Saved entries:
lemma cfc_converges_mult:
  assumes u: "cfc_converges u" and v: "cfc_converges v"
  shows "cfc_converges (\<lambda>t. u t * v t)"
proof -
  have uc: "continuous_on {-1..1} u" and vc: "continuous_on {-1..1} v"
    using u v by (auto simp: cfc_converges_def)
  obtain M where M: "\<And>t. t \<in> {-1..1} \<Longrightarrow> \<bar>u t\<bar> \<le> M" using continuous_on_Icc_bounded[OF uc] by blast
  have blu: "bounded_linear (cfc u (Bs n))" and blv: "bounded_linear (cfc v B)" for n
    by (rule selfadjoint_contraction.bounded_linear_cfc[OF Bs uc],
        rule selfadjoint_contraction.bounded_linear_cfc[OF B vc])
  have eq: "(\<lambda>x. cfc (\<lambda>t. u t * v t) (Bs n) x - cfc (\<lambda>t. u t * v t) B x)
      = (\<lambda>x. cfc u (Bs n) (cfc v (Bs n) x - cfc v B x) + (cfc u (Bs n) (cfc v B x) - cfc u B (cfc v B x)))" for n
    using linear_diff[OF bounded_linear.linear[OF blu]]
    by (simp add: fun_eq_iff selfadjoint_contraction.cfc_mult[OF Bs uc vc] selfadjoint_contraction.cfc_mult[OF B uc vc])
  have le: "cfc_dist (\<lambda>t. u t * v t) n \<le> M * cfc_dist v n + cfc_dist u n * onorm (cfc v B)" for n
  proof -
    have "cfc_dist (\<lambda>t. u t * v t) n
        \<le> onorm (cfc u (Bs n) \<circ> (\<lambda>x. cfc v (Bs n) x - cfc v B x))
          + onorm ((\<lambda>x. cfc u (Bs n) x - cfc u B x) \<circ> cfc v B)"
      unfolding cfc_dist_def eq comp_def
      by (intro onorm_triangle bounded_linear_compose[OF blu bounded_linear_cfc_diff[OF vc]]
          bounded_linear_compose[OF bounded_linear_cfc_diff[OF uc] blv])
    also have "\<dots> \<le> onorm (cfc u (Bs n)) * cfc_dist v n + cfc_dist u n * onorm (cfc v B)"
      unfolding cfc_dist_def
      by (intro add_mono onorm_compose blu blv bounded_linear_cfc_diff uc vc)
    also have "onorm (cfc u (Bs n)) \<le> M" by (rule selfadjoint_contraction.onorm_cfc_le[OF Bs uc M])
    finally show ?thesis
      using cfc_dist_nonneg[OF vc] by (simp add: mult_right_mono add_mono)
  qed
  have "cfc_dist (\<lambda>t. u t * v t) \<longlonglongrightarrow> 0"
  proof (rule squeeze_0[OF cfc_dist_nonneg le])
    show "(\<lambda>n. M * cfc_dist v n + cfc_dist u n * onorm (cfc v B)) \<longlonglongrightarrow> 0"
      using u v by (intro tendsto_add_zero tendsto_mult_right_zero tendsto_mult_left_zero)
        (auto simp: cfc_converges_def)
  qed (intro continuous_intros uc vc)
  then show ?thesis using uc vc by (simp add: cfc_converges_def continuous_on_mult)
qed

lemma cfc_dist_le_approx:
  assumes u: "continuous_on {-1..1} u" and g: "continuous_on {-1..1} g"
    and e: "\<And>t. t \<in> {-1..1} \<Longrightarrow> \<bar>u t - g t\<bar> \<le> e"
  shows "cfc_dist u n \<le> 2 * e + cfc_dist g n"
proof -
  have d: "continuous_on {-1..1} (\<lambda>t. u t - g t)" by (intro continuous_intros u g)
  have bl: "bounded_linear (cfc (\<lambda>t. u t - g t) (Bs n))" "bounded_linear (cfc (\<lambda>t. u t - g t) B)"
    by (rule selfadjoint_contraction.bounded_linear_cfc[OF Bs d],
        rule selfadjoint_contraction.bounded_linear_cfc[OF B d])
  have "(\<lambda>x. cfc u (Bs n) x - cfc u B x)
      = (\<lambda>x. (cfc (\<lambda>t. u t - g t) (Bs n) x + (cfc g (Bs n) x - cfc g B x)) + - cfc (\<lambda>t. u t - g t) B x)"
    by (simp add: fun_eq_iff selfadjoint_contraction.cfc_diff[OF Bs u g] selfadjoint_contraction.cfc_diff[OF B u g])
  then have "cfc_dist u n
      \<le> (onorm (cfc (\<lambda>t. u t - g t) (Bs n)) + cfc_dist g n) + onorm (cfc (\<lambda>t. u t - g t) B)"
    unfolding cfc_dist_def
    using onorm_triangle[OF bounded_linear_add[OF bl(1) bounded_linear_cfc_diff[OF g, of n]] bounded_linear_minus[OF bl(2)]]
      onorm_triangle[OF bl(1) bounded_linear_cfc_diff[OF g, of n]] onorm_neg[of "cfc (\<lambda>t. u t - g t) B"]
    by simp
  also have "\<dots> \<le> (e + cfc_dist g n) + e"
    by (intro add_mono order_refl selfadjoint_contraction.onorm_cfc_le[OF Bs d e]
        selfadjoint_contraction.onorm_cfc_le[OF B d e])
  finally show ?thesis by simp
qed

lemma cfc_converges_uniform_limit:
  assumes u: "continuous_on {-1..1} u"
    and approx: "\<And>e. e > 0 \<Longrightarrow> \<exists>g. cfc_converges g \<and> (\<forall>t\<in>{-1..1}. \<bar>u t - g t\<bar> < e)"
  shows "cfc_converges u"
  unfolding cfc_converges_def
proof (intro conjI u order_tendstoI)
  fix a :: real assume "a < 0"
  then show "\<forall>\<^sub>F n in sequentially. a < cfc_dist u n"
    using cfc_dist_nonneg[OF u] by (intro always_eventually allI) (rule less_le_trans)
next
  fix a :: real assume "0 < a"
  then obtain g where g: "cfc_converges g" "\<forall>t\<in>{-1..1}. \<bar>u t - g t\<bar> < a / 4"
    using approx[of "a / 4"] by auto
  have g_le: "\<And>t. t \<in> {-1..1} \<Longrightarrow> \<bar>u t - g t\<bar> \<le> a / 4" using g(2) less_imp_le by blast
  have "\<forall>\<^sub>F n in sequentially. cfc_dist g n < a / 4"
    using g(1) \<open>0 < a\<close> unfolding cfc_converges_def order_tendsto_iff by (meson zero_less_divide_iff zero_less_numeral)
  then show "\<forall>\<^sub>F n in sequentially. cfc_dist u n < a"
  proof eventually_elim
    case (elim n)
    then show ?case
      using cfc_dist_le_approx[OF u _ g_le, of n] g(1) \<open>0 < a\<close> by (simp add: cfc_converges_def)
  qed
qed

lemma cfc_converges_if_separating:
  assumes separating: "\<And>x y. x \<in> {-1..1} \<Longrightarrow> y \<in> {-1..1} \<Longrightarrow> x \<noteq> y \<Longrightarrow> \<exists>u. cfc_converges u \<and> u x \<noteq> u y"
    and u: "continuous_on {-1..1} u"
  shows "cfc_converges u"
proof -
  interpret function_ring_on "Collect cfc_converges" "{-1..1::real}"
  proof unfold_locales
    fix f g assume "f \<in> Collect cfc_converges" "g \<in> Collect cfc_converges"
    then show "(\<lambda>x. f x + g x) \<in> Collect cfc_converges" "(\<lambda>x. f x * g x) \<in> Collect cfc_converges"
      by (simp_all add: cfc_converges_add cfc_converges_mult)
  next
    show "(\<lambda>_. c) \<in> Collect cfc_converges" for c by (simp add: cfc_converges_const)
  qed (use separating in \<open>auto simp: cfc_converges_def\<close>)
  show ?thesis
    using Stone_Weierstrass_basic[OF u] by (intro cfc_converges_uniform_limit[OF u]) blast
qed

lemma cfc_converges_cong:
  assumes "cfc_converges u" "\<And>t. t \<in> {-1..1} \<Longrightarrow> v t = u t"
  shows "cfc_converges v"
proof -
  have u: "continuous_on {-1..1} u" using assms(1) by (simp add: cfc_converges_def)
  then have "continuous_on {-1..1} v" by (rule continuous_on_cong[THEN iffD1, OF refl, rotated]) (simp add: assms(2))
  moreover have "cfc v (Bs n) x = cfc u (Bs n) x" for n x
    by (rule selfadjoint_contraction.cfc_cong[OF Bs u assms(2)])
  moreover have "cfc v B x = cfc u B x" for x
    by (rule selfadjoint_contraction.cfc_cong[OF B u assms(2)])
  ultimately have "continuous_on {-1..1} v" "cfc_dist v = cfc_dist u" by (simp_all add: cfc_dist_def)
  then show ?thesis using assms(1) by (simp add: cfc_converges_def)
qed

lemma cfc_converges_if_ident: "cfc_converges (\<lambda>t. t) \<Longrightarrow> continuous_on {-1..1} u \<Longrightarrow> cfc_converges u"
  by (rule cfc_converges_if_separating) auto
lemma zero_Cpq: "0 \<in> Cpq Cs a b"
  using V.subspace_0[OF subspace_tot] by (auto simp: Cpq_def)

lemma d_zero: "d 0 = 0"
  using d_add[OF V.subspace_0[OF subspace_tot] V.subspace_0[OF subspace_tot]] by simp

lemma d_diff: "x \<in> tot Cs \<Longrightarrow> y \<in> tot Cs \<Longrightarrow> d (x - y) = d x - d y"
  using d_add[OF V.subspace_diff[OF subspace_tot], of x y y] by simp

lemma d_sum: "(\<And>i. i \<in> A \<Longrightarrow> f i \<in> tot Cs) \<Longrightarrow> d (\<Sum>i\<in>A. f i) = (\<Sum>i\<in>A. d (f i))"
proof (induction A rule: infinite_finite_induct)
  case (insert a A)
  have "(\<Sum>i\<in>A. f i) \<in> tot Cs" using insert.prems by (auto intro: V.subspace_sum[OF subspace_tot])
  then have "d (\<Sum>i\<in>insert a A. f i) = d (f a) + d (\<Sum>i\<in>A. f i)"
    using insert.prems d_add[of "f a"] by (simp only: sum.insert[OF insert.hyps]) simp
  then show ?case using insert by (simp only: sum.insert[OF insert.hyps]) simp
qed (simp_all add: d_zero)

lemma subspace_image_d:
  assumes X: "V.subspace X" "X \<subseteq> tot Cs"
  shows "V.subspace (d ` X)"
  unfolding V.subspace_def
proof (intro conjI ballI allI)
  show "0 \<in> d ` X" using d_zero V.subspace_0[OF X(1)] by (metis image_eqI)
  fix x y assume "x \<in> d ` X" "y \<in> d ` X"
  then obtain a b where "a \<in> X" "b \<in> X" "x = d a" "y = d b" by blast
  moreover have "a + b \<in> X" using V.subspace_add[OF X(1)] \<open>a \<in> X\<close> \<open>b \<in> X\<close> .
  moreover have "d (a + b) = d a + d b" using d_add \<open>a \<in> X\<close> \<open>b \<in> X\<close> X(2) by blast
  ultimately show "x + y \<in> d ` X" by (simp add: rev_image_eqI)
next
  fix c x assume "x \<in> d ` X"
  then obtain a where "a \<in> X" "x = d a" by blast
  moreover have "scaleC sc c a \<in> X" using V.subspace_scale[OF X(1)] \<open>a \<in> X\<close> .
  moreover have "d (scaleC sc c a) = scaleC sc c (d a)" using d_scale \<open>a \<in> X\<close> X(2) by blast
  ultimately show "scaleC sc c x \<in> d ` X" by (simp add: rev_image_eqI)
qed

lemma subspace_Bk: "V.subspace (Bk Cs d k)"
proof -
  have "Bk Cs d k = d ` (tot Cs \<inter> supported_in (\<lambda>p q. Suc (p + q) = k))"
    by (auto simp: Bk_def supported_in_def)
  then show ?thesis by (auto intro: subspace_image_d V.subspace_inter subspace_tot subspace_supported_in)
qed

lemma Bk_subset_Ck: "Bk Cs d k \<subseteq> Ck Cs k"
proof
  fix y assume "y \<in> Bk Cs d k"
  then obtain x where x: "x \<in> tot Cs" "\<forall>p q. x p q \<noteq> 0 \<longrightarrow> Suc (p + q) = k" "y = d x"
    by (auto simp: Bk_def)
  show "y \<in> Ck Cs k"
  proof (cases k)
    case 0
    then have "x = 0" using x by (auto simp: fun_eq_iff)
    then show ?thesis using x d_zero V.subspace_0[OF subspace_Ck] by simp
  next
    case (Suc m)
    then have "x \<in> Ck Cs m" using x by (auto simp: Ck_def)
    then show ?thesis using d_Ck x Suc by simp
  qed
qed

lemma subspace_Zk: "V.subspace (Zk Cs d k)"
  unfolding V.subspace_def
proof (intro conjI ballI allI)
  show "0 \<in> Zk Cs d k" using V.subspace_0[OF subspace_Ck] d_zero by (simp add: Zk_def)
  fix x y assume "x \<in> Zk Cs d k" "y \<in> Zk Cs d k"
  then show "x + y \<in> Zk Cs d k"
    using d_add[of x y] V.subspace_add[OF subspace_Ck] Ck_subset_tot[of Cs k] by (auto simp: Zk_def)
next
  fix c x assume "x \<in> Zk Cs d k"
  moreover have "scaleC sc c 0 = 0" by (simp add: scaleC_def fun_eq_iff)
  ultimately show "scaleC sc c x \<in> Zk Cs d k"
    using d_scale[of x c] V.subspace_scale[OF subspace_Ck] Ck_subset_tot[of Cs k] by (auto simp: Zk_def)
qed

lemma Bk_subset_Zk: "Bk Cs d k \<subseteq> Zk Cs d k"
  using Bk_subset_Ck by (auto simp: Zk_def Bk_def d_d)

lemma linear_piq: "Vector_Spaces.linear (scaleC sc) (scaleC sc) (piq q)"
  unfolding Vector_Spaces.linear_iff using V.vector_space_axioms
  by (auto simp: piq_def scaleC_def fun_eq_iff)
text \<open>The hypotheses are the 2-isometry identities at e 0 and e 1 of the weighted
  shift with weights r and at e 0 of the one with weights sqrt (r j r (j+1)).\<close>
lemma weight_identities_imp_one:
  fixes r0 r1 r2 :: real
  assumes "r0 > 0"
    and e1: "1 - 2 * r0\<^sup>2 + r0\<^sup>2 * r1\<^sup>2 = 0"
    and e2: "1 - 2 * r1\<^sup>2 + r1\<^sup>2 * r2\<^sup>2 = 0"
    and e3: "1 - 2 * (r0 * r1) + (r0 * r1) * (r1 * r2) = 0"
  shows "r0 = 1"
proof -
  define p where "p = r0 * r1"
  have pp: "p\<^sup>2 = r0\<^sup>2 * r1\<^sup>2"
    by (simp add: p_def power_mult_distrib)
  have h1: "2 * r0\<^sup>2 = p\<^sup>2 + 1"
    using e1 pp by linarith
  have "p * (r1 * r2) = 2 * p - 1"
    using e3 unfolding p_def by linarith
  then have "(2 * p - 1)\<^sup>2 = p\<^sup>2 * (r1\<^sup>2 * r2\<^sup>2)"
    by (simp flip: power_mult_distrib)
  also have "r1\<^sup>2 * r2\<^sup>2 = 2 * r1\<^sup>2 - 1"
    using e2 by linarith
  finally have h2: "2 * (p\<^sup>2 * r1\<^sup>2) = (2 * p - 1)\<^sup>2 + p\<^sup>2"
    by (simp add: right_diff_distrib)
  have "(p\<^sup>2 + 1) * ((2 * p - 1)\<^sup>2 + p\<^sup>2) = 4 * p\<^sup>2 * (r0\<^sup>2 * r1\<^sup>2)"
    using h1 h2 by (simp flip: h1 h2)
  also have "\<dots> = 4 * p\<^sup>2 * p\<^sup>2"
    using pp by simp
  finally have "(p - 1) ^ 4 = 0"
    \<comment> \<open>(p^2 + 1) ((2p - 1)^2 + p^2) - 4 p^4 = (p - 1)^4\<close>
    by algebra
  then have "r0\<^sup>2 = 1"
    using h1 by simp
  then show ?thesis
    using assms(1) by (simp add: power2_eq_1_iff)
qed
(* Let $P,Q\in\Gamma_n$ and $0<r\le R$ with $r\le p_i/q_i\le R$ for all $i$. Let $s,t\in\mathbb{R}$. If $s\ge-1$ and $t\ge-1$, then $$r^{t+1}\Big(\frac{r+1}{2}\Big)^{s-t}\Omega_t(P\|Q)\le\Omega_s(Q\|P)\le R^{t+1}\Big(\frac{R+1}{2}\Big)^{s-t}\Omega_t(P\|Q).$$ If $s\le-1$ and $t\le-1$, then $$R^{t+1}\Big(\frac{R+1}{2}\Big)^{s-t}\Omega_t(P\|Q)\le\Omega_s(Q\|P)\le r^{t+1}\Big(\frac{r+1}{2}\Big)^{s-t}\Omega_t(P\|Q).$$
   Context: $\Gamma_n=\{P=(p_1,\dots,p_n): p_i>0,\ \sum_i p_i=1\}$, $n\ge2$. For $P,Q\in\Gamma_n$ and $s\in\mathbb{R}$: $\Omega_s(P\|Q)=[s(s-1)]^{-1}\big[\sum_i p_i\big(\frac{p_i+q_i}{2p_i}\big)^s-1\big]$ for $s\ne0,1$; $\Omega_0(P\|Q)=\sum_i p_i\ln\frac{2p_i}{p_i+q_i}$; $\Omega_1(P\|Q)=\sum_i\frac{p_i+q_i}{2}\ln\frac{p_i+q_i}{2p_i}$. $\Omega_s(Q\|P)$ is obtained by interchanging $p_i$ and $q_i$ in these formulas. *)

theory Defs
  imports Complex_Main
begin

definition Gamma :: "nat \<Rightarrow> (nat \<Rightarrow> real) set" where
  "Gamma n = {p. (\<forall>i<n. p i > 0) \<and> (\<Sum>i<n. p i) = 1}"

text \<open>Omega_s(P||Q) as in the paper; Omega s n q p is Omega_s(Q||P).\<close>
definition Omega :: "real \<Rightarrow> nat \<Rightarrow> (nat \<Rightarrow> real) \<Rightarrow> (nat \<Rightarrow> real) \<Rightarrow> real" where
  "Omega s n p q =
    (if s = 0 then (\<Sum>i<n. p i * ln (2 * p i / (p i + q i)))
     else if s = 1 then (\<Sum>i<n. (p i + q i) / 2 * ln ((p i + q i) / (2 * p i)))
     else ((\<Sum>i<n. p i * ((p i + q i) / (2 * p i)) powr s) - 1) / (s * (s - 1)))"

end

(*
  Both sides are Csiszar f-divergences in the ratios u_i = p_i / q_i:
  Omega_s(Q||P) = sum q_i f_s(u_i) with f_s(u) depending only on (1 + u) / 2, and
  Omega_t(P||Q) = sum q_i f_t*(u_i) with the dual generator f*(u) = u f(1/u).
  The ratio of the second derivatives f_s'' / f_t*'' is u^(t+1) ((u+1)/2)^(s-t), which is
  monotone in u when s, t are both >= -1 or both <= -1, hence lies between its values at r
  and R.  If m <= f_s'' / f_t*'' <= M on [r, R], then f_s - m f_t* and M f_t* - f_s are
  convex there and vanish at 1; a convex h with h(1) = 0 lies above its tangent at 1, and
  summing the tangent against the weights q_i gives h'(1) (sum p - sum q) = 0, so its
  divergence is nonnegative.  Finally r <= 1 <= R because both distributions sum to 1.
*)
theory Submission
  imports Defs
begin

lemma second_deriv_nonneg_imp_above_tangent:
  fixes h h' h'' :: "real \<Rightarrow> real"
  assumes h': "\<And>x. x \<in> {a..b} \<Longrightarrow> (h has_real_derivative h' x) (at x)"
    and h'': "\<And>x. x \<in> {a..b} \<Longrightarrow> (h' has_real_derivative h'' x) (at x)"
    and nonneg: "\<And>x. x \<in> {a..b} \<Longrightarrow> 0 \<le> h'' x"
    and "c \<in> {a..b}" "x \<in> {a..b}"
  shows "h c + h' c * (x - c) \<le> h x"
proof (cases "x = c")
  case False
  let ?diff = "\<lambda>m. [h, h', h''] ! m"
  have "\<forall>m t. m < 2 \<and> a \<le> t \<and> t \<le> b \<longrightarrow> (?diff m has_real_derivative ?diff (Suc m) t) (at t)"
    using h' h'' by (auto simp: less_2_cases_iff)
  then obtain t where "if x < c then x < t \<and> t < c else c < t \<and> t < x"
    and taylor: "h x = (\<Sum>m<2. ?diff m c / fact m * (x - c) ^ m) + ?diff 2 t / fact 2 * (x - c)\<^sup>2"
    using Taylor[of 2 ?diff h a b c x] assms False by auto
  then have "t \<in> {a..b}"
    using assms by (auto split: if_splits)
  then have "0 \<le> h'' t / 2 * (x - c)\<^sup>2"
    using nonneg by simp
  then show ?thesis
    using taylor by (simp add: eval_nat_numeral)
qed simp

definition f_divergence :: "(real \<Rightarrow> real) \<Rightarrow> nat \<Rightarrow> (nat \<Rightarrow> real) \<Rightarrow> (nat \<Rightarrow> real) \<Rightarrow> real" where
  "f_divergence f n p q = (\<Sum>i<n. q i * f (p i / q i))"

lemma f_divergence_nonneg:
  fixes h h' h'' :: "real \<Rightarrow> real"
  assumes h': "\<And>x. x \<in> {a..b} \<Longrightarrow> (h has_real_derivative h' x) (at x)"
    and h'': "\<And>x. x \<in> {a..b} \<Longrightarrow> (h' has_real_derivative h'' x) (at x)"
    and nonneg: "\<And>x. x \<in> {a..b} \<Longrightarrow> 0 \<le> h'' x"
    and "1 \<in> {a..b}" "h 1 = 0"
    and sums: "(\<Sum>i<n. p i) = (\<Sum>i<n. q i)"
    and ratios: "\<forall>i<n. 0 < q i \<and> p i / q i \<in> {a..b}"
  shows "0 \<le> f_divergence h n p q"
proof -
  have tangent: "h' 1 * (p i - q i) \<le> q i * h (p i / q i)" if "i < n" for i
  proof -
    have "0 < q i"
      using ratios that by simp
    have "q i * (h' 1 * (p i / q i - 1)) \<le> q i * h (p i / q i)"
      using second_deriv_nonneg_imp_above_tangent[where a=a and b=b, OF h' h'' nonneg, of 1 "p i / q i"]
        assms that
      by (intro mult_left_mono) auto
    moreover have "q i * (p i / q i - 1) = p i - q i"
      using \<open>0 < q i\<close> by (simp add: field_simps)
    ultimately show ?thesis
      by (simp add: mult.left_commute)
  qed
  have "0 = h' 1 * ((\<Sum>i<n. p i) - (\<Sum>i<n. q i))"
    using sums by simp
  also have "\<dots> = (\<Sum>i<n. h' 1 * (p i - q i))"
    by (simp add: right_diff_distrib sum_distrib_left sum_subtractf)
  also have "\<dots> \<le> f_divergence h n p q"
    unfolding f_divergence_def using tangent by (intro sum_mono) auto
  finally show ?thesis .
qed

lemma f_divergence_linear:
  "f_divergence (\<lambda>u. \<alpha> * f u - \<beta> * g u) n p q = \<alpha> * f_divergence f n p q - \<beta> * f_divergence g n p q"
  unfolding f_divergence_def
  by (simp add: sum_subtractf sum_distrib_left right_diff_distrib mult.left_commute)

definition csiszar_dual :: "(real \<Rightarrow> real) \<Rightarrow> real \<Rightarrow> real" where
  "csiszar_dual f u = u * f (1 / u)"

lemma f_divergence_csiszar_dual:
  assumes "\<forall>i<n. q i \<noteq> 0"
  shows "f_divergence (csiszar_dual f) n p q = f_divergence f n q p"
  unfolding f_divergence_def csiszar_dual_def using assms by (intro sum.cong) auto

lemma csiszar_dual_has_derivative:
  assumes "u \<noteq> 0" "(f has_real_derivative f' (1 / u)) (at (1 / u))"
  shows "(csiszar_dual f has_real_derivative f (1 / u) - f' (1 / u) / u) (at u)"
proof -
  have "((\<lambda>u. f (1 / u)) has_real_derivative f' (1 / u) * (- 1 / u\<^sup>2)) (at u)"
    using assms by (intro DERIV_chain2[of f "f' (1 / u)" "\<lambda>u. 1 / u", OF assms(2)])
      (auto intro!: derivative_eq_intros simp: power2_eq_square)
  then have "((\<lambda>u. u * f (1 / u)) has_real_derivative
      u * (f' (1 / u) * (- 1 / u\<^sup>2)) + 1 * f (1 / u)) (at u)"
    by (rule DERIV_mult'[OF DERIV_ident])
  then show ?thesis
    using assms by (simp add: csiszar_dual_def[abs_def] power2_eq_square field_simps)
qed

lemma csiszar_dual_has_second_derivative:
  assumes "u \<noteq> 0" "(f has_real_derivative f' (1 / u)) (at (1 / u))"
    and "(f' has_real_derivative f'') (at (1 / u))"
  shows "((\<lambda>u. f (1 / u) - f' (1 / u) / u) has_real_derivative f'' / u ^ 3) (at u)"
proof -
  have inv: "((\<lambda>u. 1 / u) has_real_derivative - 1 / u\<^sup>2) (at u)"
    using assms(1) by (auto intro!: derivative_eq_intros simp: power2_eq_square)
  have "((\<lambda>u. f (1 / u) - f' (1 / u) * (1 / u)) has_real_derivative
      f' (1 / u) * (- 1 / u\<^sup>2) - (f'' * (- 1 / u\<^sup>2) * (1 / u) + - 1 / u\<^sup>2 * f' (1 / u))) (at u)"
    by (intro DERIV_diff DERIV_mult DERIV_chain2[OF assms(2) inv] DERIV_chain2[OF assms(3) inv] inv)
  then show ?thesis
    using assms(1) by (simp add: power2_eq_square power3_eq_cube field_simps)
qed

definition omega_gen :: "real \<Rightarrow> real \<Rightarrow> real" where
  "omega_gen s u =
    (if s = 0 then - ln ((1 + u) / 2)
     else if s = 1 then (1 + u) / 2 * ln ((1 + u) / 2)
     else (((1 + u) / 2) powr s - 1) / (s * (s - 1)))"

Exercise: Above are the lines; repeat exactly the ones from the line containing "(x - c) \<le> h" down to the line containing "(\<Sum>i<n. h' 1", both inclusive.

Output below:
  shows "h c + h' c * (x - c) \<le> h x"
proof (cases "x = c")
  case False
  let ?diff = "\<lambda>m. [h, h', h''] ! m"
  have "\<forall>m t. m < 2 \<and> a \<le> t \<and> t \<le> b \<longrightarrow> (?diff m has_real_derivative ?diff (Suc m) t) (at t)"
    using h' h'' by (auto simp: less_2_cases_iff)
  then obtain t where "if x < c then x < t \<and> t < c else c < t \<and> t < x"
    and taylor: "h x = (\<Sum>m<2. ?diff m c / fact m * (x - c) ^ m) + ?diff 2 t / fact 2 * (x - c)\<^sup>2"
    using Taylor[of 2 ?diff h a b c x] assms False by auto
  then have "t \<in> {a..b}"
    using assms by (auto split: if_splits)
  then have "0 \<le> h'' t / 2 * (x - c)\<^sup>2"
    using nonneg by simp
  then show ?thesis
    using taylor by (simp add: eval_nat_numeral)
qed simp

definition f_divergence :: "(real \<Rightarrow> real) \<Rightarrow> nat \<Rightarrow> (nat \<Rightarrow> real) \<Rightarrow> (nat \<Rightarrow> real) \<Rightarrow> real" where
  "f_divergence f n p q = (\<Sum>i<n. q i * f (p i / q i))"

lemma f_divergence_nonneg:
  fixes h h' h'' :: "real \<Rightarrow> real"
  assumes h': "\<And>x. x \<in> {a..b} \<Longrightarrow> (h has_real_derivative h' x) (at x)"
    and h'': "\<And>x. x \<in> {a..b} \<Longrightarrow> (h' has_real_derivative h'' x) (at x)"
    and nonneg: "\<And>x. x \<in> {a..b} \<Longrightarrow> 0 \<le> h'' x"
    and "1 \<in> {a..b}" "h 1 = 0"
    and sums: "(\<Sum>i<n. p i) = (\<Sum>i<n. q i)"
    and ratios: "\<forall>i<n. 0 < q i \<and> p i / q i \<in> {a..b}"
  shows "0 \<le> f_divergence h n p q"
proof -
  have tangent: "h' 1 * (p i - q i) \<le> q i * h (p i / q i)" if "i < n" for i
  proof -
    have "0 < q i"
      using ratios that by simp
    have "q i * (h' 1 * (p i / q i - 1)) \<le> q i * h (p i / q i)"
      using second_deriv_nonneg_imp_above_tangent[where a=a and b=b, OF h' h'' nonneg, of 1 "p i / q i"]
        assms that
      by (intro mult_left_mono) auto
    moreover have "q i * (p i / q i - 1) = p i - q i"
      using \<open>0 < q i\<close> by (simp add: field_simps)
    ultimately show ?thesis
      by (simp add: mult.left_commute)
  qed
  have "0 = h' 1 * ((\<Sum>i<n. p i) - (\<Sum>i<n. q i))"
    using sums by simp
  also have "\<dots> = (\<Sum>i<n. h' 1 * (p i - q i))"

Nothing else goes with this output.